However, like most structural materials, FRP’s have a few drawbacks that would create some hesitancy in civil engineers to use it for all applications; high cost, brittle behaviour, susceptibility to deformation under long-term loads, UV degradation, photo-degradation (from exposure to light), temperature and moisture effects, lack of design codes, and most importantly, lack of awareness.

Fig.3.5 Impact damage that led to both cross-section loss and breakage of the spiral ties
Fig.3.5 Impact damage that led to both cross-section loss and breakage of the spiral ties

The emergence of new adhesives that allow FRP to be bonded to wet concrete surfaces makes it possible to economically conduct emergency repairs on sub-structure elements. Fig.3.6 shows impact damage that led to both cross-section loss and breakage of the spiral ties. Conventional repairs will require the cross-section to be enlarged to accommodate new ties. If instead, FRP were used it would only be necessary to re-form the cross-section and apply bi-directional layers that could restore lost tensile capacity while providing equivalent lateral support to the longitudinal steel. Moreover, the application of a protective UV (ultra-violet) coating on the wrap of the right colour will render the repaired pile indistinguishable from other undamaged piles. The aesthetics of FRP repair is one of its unheralded benefits.

CHAPTER-4 Case Study for Application of FRP Composites
4.1 Allen Creek Bridge

Allen Creek Bridge is located on the busy US 19 highway connecting Clearwater and St. Petersburg, FL. The original bridge built in 1950 was supported on reinforced concrete piles driven into Allen Creek. In 1982, the bridge was widened and this new section was supported on 35 cm (14 in.) square prestressed piles.

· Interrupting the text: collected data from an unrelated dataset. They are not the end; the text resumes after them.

(* For every $x\in\mathbb{N}$, every subsystem state $\psi^A_W$ belonging to $M_{C(x)}$ has the property that some node of $W$ is reachable by a directed path within $D[W]$ from every other node of $W$.
   Context: $D=(V,A)$ is a directed graph on $V=\{1,\dots,N\}$ with rates $T_{ij}\ge0$, $T_{ij}>0$ iff $(j,i)\in A$, $T_{ii}=0$. A subsystem state is $\psi^A_W$ with $W\subseteq V$ nonempty, $A:W\to\{S,I,R\}$; $S_i,I_i$ are single-node states; for $n\notin W$, $\psi^A_WI_n$ is the state on $W\cup\{n\}$ extending $A$ with $n$ in state $I$; $h^X_k(\psi^A_W)$ changes the state of $k\in W$ to $X$. $\mathrm{IN}_a(X)$ ($a\in\mathbb{N}=\{0,1,\dots\}$) is the set of nodes that can reach some member of $X$ by traversing at most $a$ arcs. For disjoint nonempty $X,Y\subset V$ and $i\notin X\cup Y$, $f_{C(x)}(X,Y,i)=1$ iff $\mathrm{IN}_a(X)\cap\mathrm{IN}_b(Y)=\emptyset$ in $D-i$ for all $a,b\in\mathbb{N}$ with $a+b=x$, else $0$; by convention $f_{C(x)}(\{n\},\emptyset,\{k\})=0$. For a $\{0,1\}$-valued function $f$, a state $\psi^A_W$ with $A:W\to\{S,I\}$ induces: $\psi^A_W$; $h^S_k(\psi^A_W)$ for $k\in W$ with $A_k=I$ and $T_{kn}>0$ for some $n\in W$ with $A_n=I$; and for each $k\in W$, $n\in V\setminus W$ with $T_{kn}>0$: the state $h^S_k(\psi^A_W)I_n$ if $f(\{n\},W\setminus\{k\},\{k\})=0$, or the states $h^S_k(\psi^A_W)$, $S_kI_n$, $S_k$ if it equals $1$. $M_f$ is the smallest set of subsystem states containing all $S_i,I_i$ and closed under induced states; $M_{C(x)}=M_{f_{C(x)}}$. $D[W]$ is the subgraph induced on $W$. *)

theory Defs
  imports Complex_Main
begin

datatype nstate = St_S | St_I | St_R

(* A subsystem state psi^A_W is a partial map: W = dom s, A = the values. *)
type_synonym substate = "nat \<Rightarrow> nstate option"

(* Vertex set V = {1..N}. Arc (j,i) present iff T i j > 0. *)
definition verts :: "nat \<Rightarrow> nat set" where
  "verts N = {1..N}"

definition arcs_del :: "nat \<Rightarrow> (nat \<Rightarrow> nat \<Rightarrow> real) \<Rightarrow> nat \<Rightarrow> (nat \<times> nat) set" where
  "arcs_del N T i = {(u, v). u \<in> verts N - {i} \<and> v \<in> verts N - {i} \<and> T v u > 0}"

definition IN_del :: "nat \<Rightarrow> (nat \<Rightarrow> nat \<Rightarrow> real) \<Rightarrow> nat \<Rightarrow> nat \<Rightarrow> nat set \<Rightarrow> nat set" where
  "IN_del N T i a X = {u \<in> verts N - {i}. \<exists>v\<in>X. \<exists>m\<le>a. (u, v) \<in> (arcs_del N T i) ^^ m}"

(* f_{C(x)}(X,Y,i), valued in bool (True = 1), with the convention f({n},{},k) = 0. *)
definition fC :: "nat \<Rightarrow> (nat \<Rightarrow> nat \<Rightarrow> real) \<Rightarrow> nat \<Rightarrow> nat set \<Rightarrow> nat set \<Rightarrow> nat \<Rightarrow> bool" where
  "fC N T x X Y i =
     (if Y = {} \<and> (\<exists>n. X = {n}) then False
      else (\<forall>a b. a + b = x \<longrightarrow> IN_del N T i a X \<inter> IN_del N T i b Y = {}))"

inductive_set Mf :: "nat \<Rightarrow> (nat \<Rightarrow> nat \<Rightarrow> real) \<Rightarrow> (nat set \<Rightarrow> nat set \<Rightarrow> nat \<Rightarrow> bool) \<Rightarrow> substate set"
  for N :: nat and T :: "nat \<Rightarrow> nat \<Rightarrow> real" and f :: "nat set \<Rightarrow> nat set \<Rightarrow> nat \<Rightarrow> bool"
where
  single_S: "i \<in> verts N \<Longrightarrow> [i \<mapsto> St_S] \<in> Mf N T f"
| single_I: "i \<in> verts N \<Longrightarrow> [i \<mapsto> St_I] \<in> Mf N T f"
| self: "s \<in> Mf N T f \<Longrightarrow> ran s \<subseteq> {St_S, St_I} \<Longrightarrow> s \<in> Mf N T f"
| recover: "s \<in> Mf N T f \<Longrightarrow> ran s \<subseteq> {St_S, St_I} \<Longrightarrow>
      s k = Some St_I \<Longrightarrow> s n = Some St_I \<Longrightarrow> T k n > 0 \<Longrightarrow> s(k \<mapsto> St_S) \<in> Mf N T f"
| infect0: "s \<in> Mf N T f \<Longrightarrow> ran s \<subseteq> {St_S, St_I} \<Longrightarrow>
      k \<in> dom s \<Longrightarrow> n \<in> verts N - dom s \<Longrightarrow> T k n > 0 \<Longrightarrow>
      \<not> f {n} (dom s - {k}) k \<Longrightarrow> s(k \<mapsto> St_S, n \<mapsto> St_I) \<in> Mf N T f"
| infect1a: "s \<in> Mf N T f \<Longrightarrow> ran s \<subseteq> {St_S, St_I} \<Longrightarrow>
      k \<in> dom s \<Longrightarrow> n \<in> verts N - dom s \<Longrightarrow> T k n > 0 \<Longrightarrow>
      f {n} (dom s - {k}) k \<Longrightarrow> s(k \<mapsto> St_S) \<in> Mf N T f"
| infect1b: "s \<in> Mf N T f \<Longrightarrow> ran s \<subseteq> {St_S, St_I} \<Longrightarrow>
      k \<in> dom s \<Longrightarrow> n \<in> verts N - dom s \<Longrightarrow> T k n > 0 \<Longrightarrow>
      f {n} (dom s - {k}) k \<Longrightarrow> [k \<mapsto> St_S, n \<mapsto> St_I] \<in> Mf N T f"
| infect1c: "s \<in> Mf N T f \<Longrightarrow> ran s \<subseteq> {St_S, St_I} \<Longrightarrow>
      k \<in> dom s \<Longrightarrow> n \<in> verts N - dom s \<Longrightarrow> T k n > 0 \<Longrightarrow>
      f {n} (dom s - {k}) k \<Longrightarrow> [k \<mapsto> St_S] \<in> Mf N T f"

abbreviation MC :: "nat \<Rightarrow> (nat \<Rightarrow> nat \<Rightarrow> real) \<Rightarrow> nat \<Rightarrow> substate set" where
  "MC N T x \<equiv> Mf N T (fC N T x)"

definition arcs_induced :: "(nat \<Rightarrow> nat \<Rightarrow> real) \<Rightarrow> nat set \<Rightarrow> (nat \<times> nat) set" where
  "arcs_induced T W = {(u, v). u \<in> W \<and> v \<in> W \<and> T v u > 0}"

end

theory Submission
  imports Defs
begin

text \<open>Every rule generating \<open>M\<^sub>f\<close> either keeps the node set \<open>W\<close>, replaces it by
  \<open>{k}\<close> or \<open>{k, n}\<close>, or adds a node \<open>n\<close> with \<open>T\<^sub>k\<^sub>n > 0\<close>, i.e. with an arc from \<open>n\<close>
  into \<open>W\<close>. In each case a node reachable from all others inside \<open>D[W]\<close> persists, for
  every choice of \<open>f\<close>.\<close>

definition has_root :: "(nat \<Rightarrow> nat \<Rightarrow> real) \<Rightarrow> nat set \<Rightarrow> bool" where
  "has_root T W \<longleftrightarrow> (\<exists>k\<in>W. \<forall>j\<in>W. (j, k) \<in> (arcs_induced T W)\<^sup>*)"

lemma has_root_singleton: "has_root T {i}"
  by (auto simp: has_root_def)

lemma arcs_induced_rtrancl_mono:
  "W \<subseteq> W' \<Longrightarrow> (arcs_induced T W)\<^sup>* \<subseteq> (arcs_induced T W')\<^sup>*"
  by (rule rtrancl_mono) (auto simp: arcs_induced_def)

lemma has_root_insert:
  assumes "has_root T W" and "k \<in> W" and "T k n > 0"
  shows "has_root T (insert n W)"
proof -
  let ?R = "(arcs_induced T (insert n W))\<^sup>*"
  obtain r where r: "r \<in> W" "\<forall>j\<in>W. (j, r) \<in> (arcs_induced T W)\<^sup>*"
    using assms(1) by (auto simp: has_root_def)
  have to_r: "(j, r) \<in> ?R" if "j \<in> W" for j
    using r that arcs_induced_rtrancl_mono[of W "insert n W" T] by blast
  have "(n, k) \<in> arcs_induced T (insert n W)"
    using assms(2,3) by (auto simp: arcs_induced_def)
  then have "(n, r) \<in> ?R"
    using to_r[OF assms(2)] by (rule converse_rtrancl_into_rtrancl)
  then show ?thesis
    using r(1) to_r by (auto simp: has_root_def)
qed

lemma Mf_has_root:
  assumes "s \<in> Mf N T f"
  shows "has_root T (dom s)"
  using assms
proof (induction rule: Mf.induct)
  case (recover s k n)
  then have "dom (s(k \<mapsto> St_S)) = dom s" by auto
  then show ?case using recover.IH by (simp only:)
next
  case (infect0 s k n)
  then show ?case by (simp add: has_root_insert insert_absorb del: fun_upd_apply)
next
  case (infect1a s k n)
  then have "dom (s(k \<mapsto> St_S)) = dom s" by auto
  then show ?case using infect1a.IH by (simp only:)
next
  case (infect1b s k n)
  have "dom [k \<mapsto> St_S, n \<mapsto> St_I] = insert n {k}" by auto
  moreover have "has_root T (insert n {k})"
    using has_root_singleton by (rule has_root_insert) (use infect1b in auto)
  ultimately show ?case by (simp only:)
qed (simp_all add: has_root_singleton del: fun_upd_apply)

theorem mainTheorem11:
  fixes N :: nat and T :: "nat \<Rightarrow> nat \<Rightarrow> real" and x :: nat and s :: substate
  assumes "\<forall>i j. T i j \<ge> 0"
    and "\<forall>i. T i i = 0"
    and "s \<in> MC N T x"
  shows "\<exists>k\<in>dom s. \<forall>j\<in>dom s. (j, k) \<in> (arcs_induced T (dom s))\<^sup>*"
  using Mf_has_root[OF assms(3)] by (simp add: has_root_def)

end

The waters from Allen Creek flow east into Old Tampa Bay that in turn joins then Gulf of Mexico to the south. The environment is very aggressive; all the reinforced concrete piles from the original construction had been rehabilitated several times. At low tide, the water level in the deepest portion of the creek is about 0.76 m (2.6 ft). Maximum high tide is about 1.89m (6.2 ft). This shallow depth meant that the underwater wrap could be carried out on a ladder.

4.1.1 Preparatory work
Pile surfaces were covered with marine growth that had to be scraped off. Additionally, two of the four corners that were not rounded but chamfered had to be ground using an air-powered grinder. This was a difficult operation particularly for sections that were below the water line. A quick-setting hydraulic cement was used to fill any depression, discontinuities and provide a smooth surface. Just prior to wrapping the entire surface was pressure washed using freshwater to remove all dust and marine algae.

4.1.2 Instrumentation
Instrumentation was installed to allow linear polarization and corrosion potential measurements to be made. An innovative instrumentation scheme was developed that eliminated the need for wiring and junction boxes. This was an important consideration since the piles were located in relatively shallow waters that were accessible on foot. Several piles supporting the structure had been defaced and the probability of vandalism was very real. FRP wrapping — Two different schemes using two different materials were evaluated. In each scheme four piles were wrapped with two other instrumented piles serving as controls. In the first scheme, cofferdam construction was used and the piles wrapped using a bi-directional FRP in a wet lay up under dry conditions. As this was wrapped under ‘perfect’ conditions, its performance provided means for evaluating piles that were directly wrapped in water using a new water activated resin The latter scheme was a pre-preg system developed by Air Logistics. The pre-preg was easy to install since all the material came in labelled hermetically sealed packets. After applying an initial epoxy layer, the packets were opened according to the layout scheme and the FRP material applied. A shrinkage wrap was applied at the end to allow the FRP to cure. On an average, it took between 30 minutes to 45 minutes to wrap a pile over a 1.5 m depth depending on the number of layers of material that had to be applied.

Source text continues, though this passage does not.